Kanfer also considers the need to propose an intervention that proposes change as something positive and feasible for the person, with the aim of increasing their motivation for such change.

Finally, according to Kanfer’s self-regulation model , the intervention should be aimed at teaching the patient how to manage possible relapses or new problems , in addition to trying to address current conflicts or problems.


The processes of self-regulation and self-control are very important in therapy . In relation to the efficiency of psychological interventions, if these two processes are developed effectively by the patient, it is likely that the clinical therapy sessions will be reduced, as well as the activity of the therapist.

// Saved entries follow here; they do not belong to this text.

(* Let $G=(V,E,W)$ be a connected graph and $i,j\in V$ fixed distinct nodes. Then the map $\sigma\mapsto r^\sigma_{ij}$, defined on the set of $d$-dimensional signatures on $G$, is continuous.
   Context: $G$ finite connected weighted graph, $V=\{1,\dots,n\}$, $w_{xy}>0$ iff $\{x,y\}\in E$, $\deg(x)=\sum_yw_{xy}$. A $d$-dimensional signature is a map from oriented edges to $\mathsf{O}(d)$ with $\sigma_{yx}=\sigma_{xy}^{\mathrm T}$; the set of signatures is identified with $\mathsf{O}(d)^{E}$ (one matrix per edge with a fixed orientation) with the product topology. Connection Laplacian $\mathcal{L}^\sigma$: $nd\times nd$ block matrix with blocks $\deg(x)I_d$ on the diagonal, $-w_{xy}\sigma_{xy}$ for $x\sim y$, $0$ otherwise; $\dagger$ = Moore–Penrose pseudoinverse. $\Omega^0_{ij}=\mathbb{E}[\prod_{\ell=1}^{T^0_j}\sigma_{X_{\ell-1}X_\ell}\mid X_0=i]$ for the simple random walk with transition probabilities $w_{xy}/\deg(x)$ and $T^0_j=\inf\{t\ge0:X_t=j\}$. $N_{ij}$: $nd\times d$ block column with $I_d$ at node $i$, $-(\Omega^0_{ij})^{\mathrm T}$ at node $j$, $0$ elsewhere; $\mathcal{W}_{i\to j}=(\mathcal{L}^\sigma)^\dagger N_{ij}$. Connection effective resistance: $r^\sigma_{ij}=\frac{1}{2d}\operatorname{Tr}\big(\mathcal{W}_{i\to j}^{\mathrm T}\mathcal{L}^\sigma\mathcal{W}_{i\to j}+\mathcal{W}_{j\to i}^{\mathrm T}\mathcal{L}^\sigma\mathcal{W}_{j\to i}\big)$. *)

theory Defs
  imports "HOL-Analysis.Analysis"
begin

text \<open>Weighted graphs: vertex set = the finite type 'n, weights w x y (w x y > 0 iff edge).\<close>

definition weighted_graph :: "('n::finite \<Rightarrow> 'n \<Rightarrow> real) \<Rightarrow> bool" where
  "weighted_graph w \<longleftrightarrow> (\<forall>x y. w x y \<ge> 0 \<and> w x y = w y x) \<and> (\<forall>x. w x x = 0)"

definition graph_connected :: "('n::finite \<Rightarrow> 'n \<Rightarrow> real) \<Rightarrow> bool" where
  "graph_connected w \<longleftrightarrow> (\<forall>x y. (x, y) \<in> {(a, b). w a b > 0}\<^sup>*)"

definition deg :: "('n::finite \<Rightarrow> 'n \<Rightarrow> real) \<Rightarrow> 'n \<Rightarrow> real" where
  "deg w x = (\<Sum>y\<in>UNIV. w x y)"

text \<open>d-dimensional signatures (d = CARD('d)): one orthogonal matrix per oriented edge,
  with sigma y x = transpose (sigma x y); normalised to 0 off the edges, so that the
  subspace topology of the product topology is that of O(d)^E.\<close>

definition signatures :: "('n::finite \<Rightarrow> 'n \<Rightarrow> real) \<Rightarrow> ('n \<Rightarrow> 'n \<Rightarrow> real^'d::finite^'d) set" where
  "signatures w = {\<sigma>. \<forall>x y.
      (w x y > 0 \<longrightarrow> orthogonal_matrix (\<sigma> x y) \<and> \<sigma> y x = transpose (\<sigma> x y)) \<and>
      (\<not> w x y > 0 \<longrightarrow> \<sigma> x y = 0)}"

Moreover, all this would also benefit and promote a feeling of responsibility and involvement in the patient, who would feel responsible for his changes and progress, thus promoting his self-concept and self-esteem.

Bibliographic references:

  • De la Fuente, J., Peralta, F.J., and Sánchez, M.D. (2009). Personal self-regulation and perception of maladaptive school behavior. Psicothema, 21(4); 548-55.
  • Goldfried, M.R., and Merbaum, M. (1973). A perspective on self-control. In M.R. Goldfried, and M. Merbaum (Eds.), Behavior change through self-control (pp. 3-34). New York: Holt, Rinehart, and Winston.
  • Kanfer, F. (1986). Implications of a self-regulation model therapy for treatment of addictive behaviors. In W.R. Miller and N. Heather (Eds.): Treating addictive behaviors: Processes of Change. New York: Plenum Press.
  • Kanfer, F.H., and Hagerman, S. (1981). The role of self-regulation. In L.P. Rehm (Ed.), Behavior therapy for depression: Present and future directions (143-179). New York: Academic Press.